Sabina is from Tirso de Molina as much as from Palermo, from Plaza Garibaldi, from La Candelaria or from Washington Heights. At the concert there were Dominicans dressed to the nines excited by rum, posh people from Madrid drunk on gin and tonic, cool Argentinians throwing beer around. Stopping to talk to anyone was a tour of Hispanidad, which is the territory of the Spanish, the weapon with which Sabina shoots.

Joaquín Sabina, in his concert at Madison Square Garden in New York Javier Ansorena

Fausto, an undocumented Ecuadorian, with a tattoo of Sabina on his arm, said that the one from Úbeda «It is a lifestyle“, a way of being, someone who educates you, who makes you read” and who was considering getting his papers just so he could travel to Spain and see him again. Yanieth, from Venezuela, “fanatic”, knows all the songs. Vexxy, a Dominican, has already traveled to Colombia to see him and now she repeats with her cousin, Jaime, who says that Sabina “is something out of this world.” “I’ve known him since I was a teenager, since the first time I fell in love and they broke my heart,” says Fabricio, a Peruvian, coming from Illinois, at the bar counter.

To all of them, with great grace, he told that the great Anglo troubadour, Bob Dylan, played a few blocks north, at the Beacon Theater. “And yet you have come to see me.”

The poet who wanted the Madison Square Garden theater is from Úbeda, not Minnesota. And he sang to a Costa Rican who was “the most Mexican of Mexican singers” in ‘Por el bulevar de los Sueños rotos’ by Chavela Vargas. And he made the Latin public sing a Spanish song with ‘And yet I love you’, with the help of his best banderillera, Mara Barros. And he became related to him rock argentino in ‘It rains on wet’, the creation by colleras, and with clubs, with Fito Paez. And he Mexicanized, once again, with a sweet and melancholic ‘Wedding Nights’. And he made them dance rumba in the Madrid suburbs with ’19 days and 500 nights’. And he remembered the locals in ‘Contigo’, which he disrupted to sing that he doesn’t want ‘Paris with a downpour or Manhattan without you’.

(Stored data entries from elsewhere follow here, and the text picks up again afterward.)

lemma word_top_inv_word:
  "set u \<subseteq> top ` carrier K \<Longrightarrow> word_top (inv_word u) = inv\<^bsub>K\<^esub> word_top u"
proof (induction u)
  case (Cons g u)
  then obtain k where k: "k \<in> carrier K" "g = top k" by auto
  have u: "set u \<subseteq> top ` carrier K" using Cons.prems by simp
  have "inv_word (g # u) = inv_word u @ [top (inv\<^bsub>K\<^esub> k)]"
    by (simp add: inv_word_def k inv_top)
  then have "word_top (inv_word (g # u)) = word_top (inv_word u) \<otimes>\<^bsub>K\<^esub> inv\<^bsub>K\<^esub> k"
    using word_top_append[of "inv_word u" "[top (inv\<^bsub>K\<^esub> k)]"] top_word_closed[OF inv_word_top_word[OF u]]
      top_closed[OF K.inv_closed[OF k(1)]] k(1)
    by (simp add: top_eq)
  then show ?case
    using Cons.IH[OF u] k word_top_closed[OF top_word_closed[OF u]] by (simp add: top_eq K.inv_mult_group)
qed (simp add: inv_word_def)

definition base :: "('k \<Rightarrow> int) \<Rightarrow> 'k int_wreath_elem" where
  "base F = (restrict F (carrier K), \<one>\<^bsub>K\<^esub>)"

lemma base_closed: "finite {v \<in> carrier K. F v \<noteq> 0} \<Longrightarrow> base F \<in> carrier G"
  by (auto simp: base_def G_carrier_iff elim!: rev_finite_subset)

lemma inv_base: "finite {v \<in> carrier K. F v \<noteq> 0} \<Longrightarrow> inv\<^bsub>G\<^esub> (base F) = base (\<lambda>v. - F v)"
  using base_closed by (auto simp: base_def G_inv intro!: restrict_ext)

text \<open>Both orders matter: \<open>word_top\<close> of a word is the top part of its product, while that of the
  reversed word is the translation appearing in \<open>word_base_append\<close>.\<close>

definition loop :: "'k int_wreath_elem list \<Rightarrow> bool" where
  "loop xs \<longleftrightarrow> set xs \<subseteq> carrier G \<and> word_top xs = \<one>\<^bsub>K\<^esub> \<and> word_top (rev xs) = \<one>\<^bsub>K\<^esub>"

lemma loop_append: "loop xs \<Longrightarrow> loop ys \<Longrightarrow> loop (xs @ ys)"
  by (simp add: loop_def word_top_append)

lemma word_base_append_loop:
  "loop xs \<Longrightarrow> v \<in> carrier K \<Longrightarrow> word_base (xs @ ys) v = word_base xs v + word_base ys v"
  by (simp add: loop_def word_base_append)

lemma word_prod_loop: "loop xs \<Longrightarrow> word_prod G xs = base (word_base xs)"
  by (simp add: loop_def word_prod_eq base_def)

Halfway through the concert, Sabina sang the ‘Song for the Magdalena’, her hymn to the prostitutes with whom she performed. The audience accompanied him from end to end, unleashed in the climactic verse – ‘The most lady of all the whores, the most whore of all the ladies’ –, with voices of all the accents of Spanish, and one could only think about the jienense: ‘The most Spanish of all Hispanic singers, the most Hispanic of all Spanish singers’.

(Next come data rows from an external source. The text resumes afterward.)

(* Let $\{\omega_k\}_{k\ge 0}$, $\omega_k=(Z_k,E_k,-\lambda_k)$, be generated by the iteration below with parameters $(W_k,\theta_k,\beta_k)$ ($\theta_k,\beta_k$ entrywise positive). Then for every $k\ge 0$ and every triple $\omega=(Z,E,-\lambda)\in\mathbb{R}^{d\times n}\times\mathbb{R}^{m\times n}\times\mathbb{R}^{m\times n}$, with $u=(Z,E)$ and $u_{k+1}=(Z_{k+1},E_{k+1})$, $$h(u)-h(u_{k+1})+\big\langle \omega-\omega_{k+1},\ \mathcal{F}_k(\omega_{k+1})+\mathcal{G}_k(E_k-E_{k+1})+\mathcal{H}_k(\omega_{k+1}-\omega_k)\big\rangle\ \ge 0 .$$
   Context: Let $A\in\mathbb{R}^{m\times d}$, $X\in\mathbb{R}^{m\times n}$, and let $f:\mathbb{R}^{d\times n}\to\mathbb{R}$, $g:\mathbb{R}^{m\times n}\to\mathbb{R}$ be convex. Consider the problem $\min_{Z,E} f(Z)+g(E)$ subject to $X=AZ+E$, and write $h(u)=f(Z)+g(E)$ for $u=(Z,E)$. Triples are written $\omega=(Z,E,-\lambda)$ with $\lambda\in\mathbb{R}^{m\times n}$ a Lagrange multiplier; the inner product of triples is the sum of the componentwise Frobenius inner products. $\circ$ is the entrywise (Hadamard) product, and for an entrywise positive matrix $\beta$, $\beta^{-1}$ denotes its entrywise reciprocal. For a matrix $M$ and entrywise positive $\theta$ of the same size, write $\tfrac{\theta}{2}\circ\|M\|_F^2:=\tfrac12\sum_{ij}\theta_{ij}M_{ij}^2$. Iteration (D-LADMM): given $(Z_k,E_k,\lambda_k)$ and parameters $W_k\in\mathbb{R}^{m\times d}$, $\theta_k\in\mathbb{R}^{d\times n}$, $\beta_k\in\mathbb{R}^{m\times n}$ with $\theta_k,\beta_k$ entrywise positive, $Z_{k+1}=\arg\min_Z\{ f(Z)+\tfrac{\theta_k}{2}\circ\|Z-Z_k+\theta_k^{-1}\circ W_k^\top(\lambda_k+\beta_k\circ(AZ_k+E_k-X))\|_F^2\}$, $E_{k+1}=\arg\min_E\{g(E)+\tfrac{\beta_k}{2}\circ\|E-X+AZ_{k+1}+\beta_k^{-1}\circ\lambda_k\|_F^2\}$, $\lambda_{k+1}=\lambda_k+\beta_k\circ(AZ_{k+1}+E_{k+1}-X)$. Operators: $\mathcal{D}_k(Z)=\theta_k\circ Z-W_k^\top(\beta_k\circ(AZ))$; $\mathcal{H}_k(Z,E,-\lambda)=(\mathcal{D}_k(Z),\ \beta_k\circ E,\ \beta_k^{-1}\circ(-\lambda))$; $\mathcal{F}_k(Z,E,-\lambda)=(W_k^\top\lambda,\ \lambda,\ AZ+E-X)$; for $M\in\mathbb{R}^{m\times n}$, $\mathcal{G}_k(M)=(W_k^\top(\beta_k\circ M),\ \beta_k\circ M,\ 0)$. Standing assumption of the paper: for $\sigma\ge0$, $\mathcal{S}(\sigma,A)$ is the set of triples $(W,\theta,\beta)$ with $\|W-A\|\le\sigma$ (spectral norm), $\theta,\beta$ entrywise positive, and the linear operator $Z\mapsto\theta\circ Z-W^\top(\beta\circ(AZ))$ positive definite (i.e. $\langle \cdot(Z),Z\rangle>0$ for all $Z\ne0$); it is assumed that there is a constant $c$ such that $\mathcal{S}(\sigma,A)\neq\emptyset$ for all $0\le\sigma\le c$. *)

theory Defs
  imports "HOL-Analysis.Analysis"
begin

text \<open>Matrices in R^{r x c} are represented as real^'c^'r (row index outer).
  Frobenius inner product is the library inner product on nested vec types;
  inner product of triples (Z,E,-lambda) is the product-type inner product
  on nested pairs (Z,(E,-lambda)).\<close>

definition had :: "real^'c^'r \<Rightarrow> real^'c^'r \<Rightarrow> real^'c^'r"  (infixl "\<odot>" 70) where
  "had x y = (\<chi> i j. x $ i $ j * y $ i $ j)"

definition erecip :: "real^'c^'r \<Rightarrow> real^'c^'r" where
  "erecip x = (\<chi> i j. 1 / (x $ i $ j))"

definition epos :: "real^'c^'r \<Rightarrow> bool" where
  "epos x \<longleftrightarrow> (\<forall>i j. x $ i $ j > 0)"

definition wsq :: "real^'c^'r \<Rightarrow> real^'c^'r \<Rightarrow> real" where
  "wsq \<theta> M = (1/2) * (\<Sum>i\<in>UNIV. \<Sum>j\<in>UNIV. \<theta> $ i $ j * (M $ i $ j)^2)"

definition Dop :: "real^'d^'m \<Rightarrow> real^'n^'d \<Rightarrow> real^'n^'m \<Rightarrow> real^'d^'m \<Rightarrow> real^'n^'d \<Rightarrow> real^'n^'d" where
  "Dop W \<theta> \<beta> A Z = \<theta> \<odot> Z - transpose W ** (\<beta> \<odot> (A ** Z))"

definition Hop :: "real^'d^'m \<Rightarrow> real^'n^'d \<Rightarrow> real^'n^'m \<Rightarrow> real^'d^'m
     \<Rightarrow> (real^'n^'d) \<times> (real^'n^'m) \<times> (real^'n^'m) \<Rightarrow> (real^'n^'d) \<times> (real^'n^'m) \<times> (real^'n^'m)" where
  "Hop W \<theta> \<beta> A w = (Dop W \<theta> \<beta> A (fst w), \<beta> \<odot> fst (snd w), erecip \<beta> \<odot> snd (snd w))"

text \<open>F_k(Z,E,-lambda) = (W^T lambda, lambda, AZ+E-X); the third slot of a triple stores -lambda.\<close>
definition Fop :: "real^'d^'m \<Rightarrow> real^'d^'m \<Rightarrow> real^'n^'m
     \<Rightarrow> (real^'n^'d) \<times> (real^'n^'m) \<times> (real^'n^'m) \<Rightarrow> (real^'n^'d) \<times> (real^'n^'m) \<times> (real^'n^'m)" where
  "Fop W A X w = (transpose W ** (- snd (snd w)), - snd (snd w), A ** fst w + fst (snd w) - X)"

definition Gop :: "real^'d^'m \<Rightarrow> real^'n^'m \<Rightarrow> real^'n^'m
     \<Rightarrow> (real^'n^'d) \<times> (real^'n^'m) \<times> (real^'n^'m)" where
  "Gop W \<beta> M = (transpose W ** (\<beta> \<odot> M), \<beta> \<odot> M, 0)"

end

theory Submission imports Defs begin

text \<open>Both primal updates are proximal steps: a convex function plus a positively weighted
  quadratic is minimized. Comparing the minimizer with the points of the segment towards an
  arbitrary point yields the first-order variational inequality of each step. Rewritten through
  the multiplier update, the gradients of the two quadratics at the new iterate are exactly the
  Z- and E-components of \<open>F\<^sub>k + G\<^sub>k + H\<^sub>k\<close>, while its \<open>\<lambda>\<close>-component vanishes; summing the two
  inequalities gives the claim.\<close>

lemma had_erecip_cancel: "epos b \<Longrightarrow> b \<odot> (erecip b \<odot> x) = x"
  unfolding epos_def by (simp add: had_def erecip_def vec_eq_iff less_imp_neq[symmetric])

lemma erecip_had_cancel: "epos b \<Longrightarrow> erecip b \<odot> (b \<odot> x) = x"
  unfolding epos_def by (simp add: had_def erecip_def vec_eq_iff less_imp_neq[symmetric])

lemma had_add_right: "a \<odot> (x + y) = a \<odot> x + a \<odot> y"
  by (simp add: had_def vec_eq_iff algebra_simps)

lemma had_diff_right: "a \<odot> (x - y) = a \<odot> x - a \<odot> y"
  by (simp add: had_def vec_eq_iff algebra_simps)

lemma matrix_diff_ldistrib: "(A::real^'n^'m) ** (B - C) = A ** B - A ** C"
  by (simp add: matrix_matrix_mult_def vec_eq_iff algebra_simps sum_subtractf)

lemma wsq_nonneg: "epos \<theta> \<Longrightarrow> wsq \<theta> D \<ge> 0"
  unfolding wsq_def epos_def by (intro mult_nonneg_nonneg sum_nonneg) (auto intro: less_imp_le)

lemma wsq_add_scaleR:
  "wsq \<theta> (M + t *\<^sub>R D) = wsq \<theta> M + t * ((\<theta> \<odot> M) \<bullet> D) + t\<^sup>2 * wsq \<theta> D"
proof -
  have "\<theta>$i$j * ((M + t *\<^sub>R D)$i$j)\<^sup>2
      = \<theta>$i$j * (M$i$j)\<^sup>2 + 2 * t * (\<theta>$i$j * M$i$j * D$i$j) + t\<^sup>2 * (\<theta>$i$j * (D$i$j)\<^sup>2)" for i j
    by (simp add: power2_eq_square algebra_simps)
  then show ?thesis
    by (simp add: wsq_def inner_vec_def had_def sum.distrib sum_distrib_left algebra_simps)
qed

lemma convex_argmin_variational_ineq:
  fixes F :: "'a::real_vector \<Rightarrow> real"
  assumes cvx: "convex_on UNIV F" and opt: "\<And>y. F x + q x \<le> F y + q y"
    and q_quadratic: "\<And>t. q (x + t *\<^sub>R d) = q x + t * L + t\<^sup>2 * Q" and "Q \<ge> 0"
  shows "F (x + d) - F x + L \<ge> 0"
proof (rule ccontr)
  define a where "a = F (x + d) - F x + L"
  assume "\<not> ?thesis"
  then have "a < 0" by (simp add: a_def)
  \<comment> \<open>a step of length \<open>t\<close> along \<open>d\<close> gains at least \<open>- t a\<close> and loses at most \<open>t\<^sup>2 Q\<close>\<close>
  define t where "t = min (1/2) (- a / (2 * Q + 1))"
  have t: "0 < t" "t < 1" "t * Q < - a"
  proof -
    show "0 < t" "t < 1" using \<open>a < 0\<close> \<open>Q \<ge> 0\<close> by (auto simp: t_def divide_neg_pos)
    have "t * Q \<le> (- a / (2 * Q + 1)) * Q" using \<open>Q \<ge> 0\<close> unfolding t_def by (intro mult_right_mono) auto
    also have "\<dots> < - a"
      using \<open>a < 0\<close> \<open>Q \<ge> 0\<close> by (simp add: field_simps add_neg_nonpos mult_nonneg_nonpos)
    finally show "t * Q < - a" .
  qed
  have "F (x + t *\<^sub>R d) = F ((1 - t) *\<^sub>R x + t *\<^sub>R (x + d))"
    by (simp add: algebra_simps)
  also have "\<dots> \<le> (1 - t) * F x + t * F (x + d)"
    using convex_onD[OF cvx, of t x "x + d"] t by simp
  finally have "0 \<le> t * (a + t * Q)"
    using opt[of "x + t *\<^sub>R d"] q_quadratic[of t]
    by (simp add: a_def power2_eq_square algebra_simps)
  with t show False by (simp add: zero_le_mult_iff)
qed

lemma wsq_prox_variational_ineq:
  assumes "convex_on UNIV F" and "epos \<theta>"
    and "\<And>y. F x + wsq \<theta> (x + c) \<le> F y + wsq \<theta> (y + c)"
  shows "F y - F x + (\<theta> \<odot> (x + c)) \<bullet> (y - x) \<ge> 0"
proof -
  have "F (x + (y - x)) - F x + (\<theta> \<odot> (x + c)) \<bullet> (y - x) \<ge> 0"
  proof (rule convex_argmin_variational_ineq[where q = "\<lambda>y. wsq \<theta> (y + c)"])
    show "wsq \<theta> (x + t *\<^sub>R (y - x) + c)
        = wsq \<theta> (x + c) + t * ((\<theta> \<odot> (x + c)) \<bullet> (y - x)) + t\<^sup>2 * wsq \<theta> (y - x)" for t
      using wsq_add_scaleR[of \<theta> "x + c" t "y - x"] by (simp add: algebra_simps)
  qed (use assms wsq_nonneg in auto)
  then show ?thesis by simp
qed

lemma Fop_Gop_Hop_eq_prox_gradients:
  fixes A W :: "real^'d::finite^'m::finite" and X E0 E1 L0 L1 :: "real^'n::finite^'m"
    and Z0 Z1 :: "real^'n^'d"
  assumes "epos \<theta>" and "epos \<beta>" and L1_eq: "L1 = L0 + \<beta> \<odot> (A ** Z1 + E1 - X)"
  shows "Fop W A X (Z1, E1, - L1) + Gop W \<beta> (E0 - E1) + Hop W \<theta> \<beta> A ((Z1, E1, - L1) - (Z0, E0, - L0))
    = (\<theta> \<odot> (Z1 - Z0 + erecip \<theta> \<odot> (transpose W ** (L0 + \<beta> \<odot> (A ** Z0 + E0 - X)))),
       \<beta> \<odot> (E1 - X + A ** Z1 + erecip \<beta> \<odot> L0), 0)"
proof -
  have "transpose W ** L1 + transpose W ** (\<beta> \<odot> (E0 - E1)) + Dop W \<theta> \<beta> A (Z1 - Z0)
      = \<theta> \<odot> (Z1 - Z0 + erecip \<theta> \<odot> (transpose W ** (L0 + \<beta> \<odot> (A ** Z0 + E0 - X))))"
    unfolding Dop_def L1_eq
    by (simp add: had_add_right had_diff_right had_erecip_cancel[OF \<open>epos \<theta>\<close>]
        matrix_add_ldistrib matrix_diff_ldistrib algebra_simps)
  moreover have "L1 + \<beta> \<odot> (E0 - E1) + \<beta> \<odot> (E1 - E0) = \<beta> \<odot> (E1 - X + A ** Z1 + erecip \<beta> \<odot> L0)"
    unfolding L1_eq
    by (simp add: had_add_right had_diff_right had_erecip_cancel[OF \<open>epos \<beta>\<close>] algebra_simps)
  moreover have "A ** Z1 + E1 - X + erecip \<beta> \<odot> (L0 - L1) = 0"
    unfolding L1_eq
    by (simp add: had_diff_right had_add_right erecip_had_cancel[OF \<open>epos \<beta>\<close>])
  ultimately show ?thesis
    by (simp add: Fop_def Gop_def Hop_def)
qed

theorem lemma1:
  fixes A :: "real^'d::finite^'m::finite" and X :: "real^'n::finite^'m"
    and f :: "real^'n^'d \<Rightarrow> real" and g :: "real^'n^'m \<Rightarrow> real"
    and Zs :: "nat \<Rightarrow> real^'n^'d" and Es Ls :: "nat \<Rightarrow> real^'n^'m"
    and W :: "nat \<Rightarrow> real^'d^'m" and \<theta> :: "nat \<Rightarrow> real^'n^'d" and \<beta> :: "nat \<Rightarrow> real^'n^'m"
    and k :: nat and Z :: "real^'n^'d" and E L :: "real^'n^'m"
  assumes f_cvx: "convex_on UNIV f" and g_cvx: "convex_on UNIV g"
    and \<theta>_pos: "\<And>k. epos (\<theta> k)" and \<beta>_pos: "\<And>k. epos (\<beta> k)"
    and Z_step: "\<And>k Z'. f (Zs (Suc k)) + wsq (\<theta> k) (Zs (Suc k) - Zs k
              + erecip (\<theta> k) \<odot> (transpose (W k) ** (Ls k + \<beta> k \<odot> (A ** Zs k + Es k - X))))
            \<le> f Z' + wsq (\<theta> k) (Z' - Zs k
              + erecip (\<theta> k) \<odot> (transpose (W k) ** (Ls k + \<beta> k \<odot> (A ** Zs k + Es k - X))))"
    and E_step: "\<And>k E'. g (Es (Suc k)) + wsq (\<beta> k) (Es (Suc k) - X + A ** Zs (Suc k) + erecip (\<beta> k) \<odot> Ls k)
            \<le> g E' + wsq (\<beta> k) (E' - X + A ** Zs (Suc k) + erecip (\<beta> k) \<odot> Ls k)"
    and L_step: "\<And>k. Ls (Suc k) = Ls k + \<beta> k \<odot> (A ** Zs (Suc k) + Es (Suc k) - X)"
  shows "let \<omega> = (Z, E, - L); \<omega>k = (Zs k, Es k, - Ls k); \<omega>k1 = (Zs (Suc k), Es (Suc k), - Ls (Suc k))
         in (f Z + g E) - (f (Zs (Suc k)) + g (Es (Suc k)))
            + (\<omega> - \<omega>k1) \<bullet> (Fop (W k) A X \<omega>k1 + Gop (W k) (\<beta> k) (Es k - Es (Suc k))
                           + Hop (W k) (\<theta> k) (\<beta> k) A (\<omega>k1 - \<omega>k)) \<ge> 0"
proof -
  define Z0 Z1 E0 E1 L0 L1 where "Z0 = Zs k" and "Z1 = Zs (Suc k)" and "E0 = Es k"
    and "E1 = Es (Suc k)" and "L0 = Ls k" and "L1 = Ls (Suc k)"
  note iterates = Z0_def Z1_def E0_def E1_def L0_def L1_def
  have L1_eq: "L1 = L0 + \<beta> k \<odot> (A ** Z1 + E1 - X)"
    using L_step by (simp add: iterates)
  define cZ where "cZ = - Z0 + erecip (\<theta> k) \<odot> (transpose (W k) ** (L0 + \<beta> k \<odot> (A ** Z0 + E0 - X)))"
  define cE where "cE = - X + A ** Z1 + erecip (\<beta> k) \<odot> L0"
  have Z_shift: "Y - Z0 + erecip (\<theta> k) \<odot> (transpose (W k) ** (L0 + \<beta> k \<odot> (A ** Z0 + E0 - X)))
      = Y + cZ" for Y
    by (simp add: cZ_def algebra_simps)
  have E_shift: "Y - X + A ** Z1 + erecip (\<beta> k) \<odot> L0 = Y + cE" for Y
    by (simp add: cE_def algebra_simps)
  have "f Z - f Z1 + (\<theta> k \<odot> (Z1 + cZ)) \<bullet> (Z - Z1) \<ge> 0"
    using Z_step[of k] unfolding iterates[symmetric] Z_shift
    by (rule wsq_prox_variational_ineq[OF f_cvx \<theta>_pos])
  moreover have "g E - g E1 + (\<beta> k \<odot> (E1 + cE)) \<bullet> (E - E1) \<ge> 0"
    using E_step[of k] unfolding iterates[symmetric] E_shift
    by (rule wsq_prox_variational_ineq[OF g_cvx \<beta>_pos])
  moreover have "Fop (W k) A X (Z1, E1, - L1) + Gop (W k) (\<beta> k) (E0 - E1)
      + Hop (W k) (\<theta> k) (\<beta> k) A ((Z1, E1, - L1) - (Z0, E0, - L0))
      = (\<theta> k \<odot> (Z1 + cZ), \<beta> k \<odot> (E1 + cE), 0)"
    using Fop_Gop_Hop_eq_prox_gradients[OF \<theta>_pos \<beta>_pos L1_eq] by (simp only: Z_shift E_shift)
  ultimately show ?thesis
    unfolding Let_def iterates[symmetric] by (simp add: inner_commute)
qed

end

Nobody cared if Sabina sang well or badly, that has never mattered. ‘I have always wanted to grow old without dignity, even though the rifle no longer has a cartridge left,’ she sang in her recent ‘Sentiendolo mucho’. But he sounded dignified, with an impeccable band behind him, lowering his tone and phrasing slowly, like a good bullfighter with his left hand. And with exultant moments, where everyone forgot his age, with pure ‘rock and roll’, like ‘Princesa’, where he jumped up to Fernando León de Aranoa, impossible to camouflage with his height and his long hair in the first rows. The filmmaker, author of the recent documentary about Sabina, assured ABC that he went to the concert because, like another great, Luis Eduardo Aute, “he was passing through here.”

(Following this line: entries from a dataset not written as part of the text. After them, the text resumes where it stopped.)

lemma DIM_le_4_if_clifford_module_intertwines:
  fixes b :: "'s::euclidean_space \<Rightarrow> 't1::euclidean_space \<Rightarrow> 't2::real_inner"
  assumes cB: "clifford_module b b'"
    and norm_J: "\<And>x. norm (J x) = norm x" and J_skew: "\<And>x y. inner (J x) y = - inner x (J y)"
    and skew: "\<And>y z. inner (K y) z = - inner y (K z)"
    and intertwine: "\<And>x t. b (J x) t = K (b x t)"
  shows "DIM('s) \<le> 4"
proof (rule ccontr)
  assume "\<not> DIM('s) \<le> 4"
  obtain s\<^sub>0 :: 's where "s\<^sub>0 \<in> Basis" using nonempty_Basis by blast
  then have "norm s\<^sub>0 = 1" by simp
  define e where "e = J s\<^sub>0"
  have "norm e = 1" "inner e s\<^sub>0 = 0"
    using J_skew[of s\<^sub>0 s\<^sub>0] by (simp_all add: e_def norm_J \<open>norm s\<^sub>0 = 1\<close> inner_commute)
  have card2: "card {s\<^sub>0, e} < DIM('s)"
    using \<open>\<not> DIM('s) \<le> 4\<close> card_length[of "[s\<^sub>0, e]"] by simp
  obtain s where "norm s = 1" "inner s s\<^sub>0 = 0" "inner s e = 0"
    by (rule exists_unit_orthogonal_finite[OF _ card2]) auto
  have card4: "card {s\<^sub>0, e, s, J s} < DIM('s)"
    using \<open>\<not> DIM('s) \<le> 4\<close> card_length[of "[s\<^sub>0, e, s, J s]"] by simp
  obtain s' where "norm s' = 1"
      "inner s' s\<^sub>0 = 0" "inner s' e = 0" "inner s' s = 0" "inner s' (J s) = 0"
    by (rule exists_unit_orthogonal_finite[OF _ card4]) auto
  obtain t :: 't1 where "t \<in> Basis" using nonempty_Basis by blast
  define U where "U = b' s (b s' t)"
  have K_eq: "K z = - b e (b' s\<^sub>0 z)" for z
    by (rule clifford_module_intertwine_eq[OF cB \<open>norm s\<^sub>0 = 1\<close> skew intertwine[of s\<^sub>0, folded e_def]])
  note b_neg = bilinear_rneg[OF clifford_module_bilinear(1)[OF cB]]
    and b'_neg = bilinear_rneg[OF clifford_module_bilinear(2)[OF cB]]
  have "b' (J s) (b s' t) = b' e (b s\<^sub>0 U)"
  proof -
    have "b' (J s) (b s' t) = b' s (b e (b' s\<^sub>0 (b s' t)))"
      using clifford_module_intertwine_adjoint[OF cB skew intertwine[of s]] by (simp add: K_eq b'_neg)
    also have "\<dots> = b' e (b s\<^sub>0 U)"
      unfolding U_def using clifford_module_commute_past_two[OF cB] \<open>inner s e = 0\<close> \<open>inner s s\<^sub>0 = 0\<close>
      by blast
    finally show ?thesis .
  qed
  moreover have "b' s' (b (J s) t) = b' e (b s\<^sub>0 U)"
  proof -
    have "b' s' (b (J s) t) = - b' s' (b e (b' s\<^sub>0 (b s t)))"
      by (simp add: intertwine K_eq b'_neg)
    also have "\<dots> = - b' e (b s\<^sub>0 (b' s' (b s t)))"
      using clifford_module_commute_past_two[OF cB] \<open>inner s' e = 0\<close> \<open>inner s' s\<^sub>0 = 0\<close>
      by simp
    also have "b' s' (b s t) = - U"
      unfolding U_def using clifford_module_anticommute_orthogonal[OF cB] \<open>inner s' s = 0\<close> by blast
    finally show ?thesis
      by (simp add: b_neg b'_neg)
  qed
  moreover have "b' (J s) (b s' t) + b' s' (b (J s) t) = 0"
    using clifford_module_anticommute[OF cB, of "J s" s' t] \<open>inner s' (J s) = 0\<close>
    by (simp add: inner_commute)
  ultimately have "b' e (b s\<^sub>0 U) = 0"
    by (simp flip: scaleR_2)
  moreover have "norm (b' e (b s\<^sub>0 U)) = 1"
    using \<open>norm e = 1\<close> \<open>norm s\<^sub>0 = 1\<close> \<open>norm s = 1\<close> \<open>norm s' = 1\<close> \<open>t \<in> Basis\<close>
    by (simp add: U_def norm_clifford_module[OF cB] norm_clifford_module[OF clifford_module_swap[OF cB]])
  ultimately show False
    by simp
qed

theorem mainTheorem9:
  fixes mV0 :: "'v::euclidean_space \<Rightarrow> 's0::euclidean_space \<Rightarrow> 's1::euclidean_space"
    and mV1 :: "'v \<Rightarrow> 's1 \<Rightarrow> 's0"
    and a :: "'v \<Rightarrow> 't2::euclidean_space \<Rightarrow> 't3::euclidean_space" and a' :: "'v \<Rightarrow> 't3 \<Rightarrow> 't2"
    and b :: "'s0 \<Rightarrow> 't1::euclidean_space \<Rightarrow> 't2" and b' :: "'s0 \<Rightarrow> 't2 \<Rightarrow> 't1"
    and c :: "'s1 \<Rightarrow> 't1 \<Rightarrow> 't3" and c' :: "'s1 \<Rightarrow> 't3 \<Rightarrow> 't1"
  assumes "clifford_extension mV0 mV1 a a' b b' c c'"
    and "associative_extension mV0 a b c"
  shows "DIM('v) = 1 \<or> (DIM('v) \<le> DIM('s0) \<and> DIM('s0) \<le> 4)"
proof -
  have cV: "clifford_module mV0 mV1" and cA: "clifford_module a a'" and cB: "clifford_module b b'"
    using assms(1) unfolding clifford_extension_def by auto
  have "DIM('v) \<le> DIM('s0)"
    by (rule DIM_le_of_clifford_module[OF clifford_module_swap[OF cV]])
  moreover have "DIM('s0) \<le> 4" if "DIM('v) \<noteq> 1"
  proof -
    have "\<not> card (Basis :: 'v set) \<le> Suc 0"
      using that DIM_positive[where 'a = 'v] by linarith
    then obtain v w :: 'v where "v \<in> Basis" "w \<in> Basis" "v \<noteq> w"
      using card_le_Suc0_iff_eq[OF finite_Basis] by blast
    then have "norm v = 1" "norm w = 1" "inner v w = 0"
      by (simp_all add: inner_not_same_Basis)
    then show ?thesis
      by (intro DIM_le_4_if_clifford_module_intertwines[OF cB, where J = "bivector_action mV0 mV1 v w"
            and K = "bivector_action a a' v w"])
        (simp_all add: norm_bivector_action bivector_action_skew cV cA
          associative_extension_bivector_action[OF assms(2) cV cA])
  qed
  ultimately show ?thesis
    by blast
qed

end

It was a night, above all, of emotion and connection. Among the public, many acknowledged to this newspaper that they came with the fear – and for the fear – that this was their last big tour outside of Spain. In the last song, ‘And they gave us ten’, with the verse ‘we said goodbye, I hope we see each other again’, Sabina replied “I hope, I hope”, with a melancholy that she knew of goodbye. After the last note, she took off the black bowler hat with which she ended the recital and walked alone to the side of the stage, in a deafening ovation, with a smiling and tired jaw.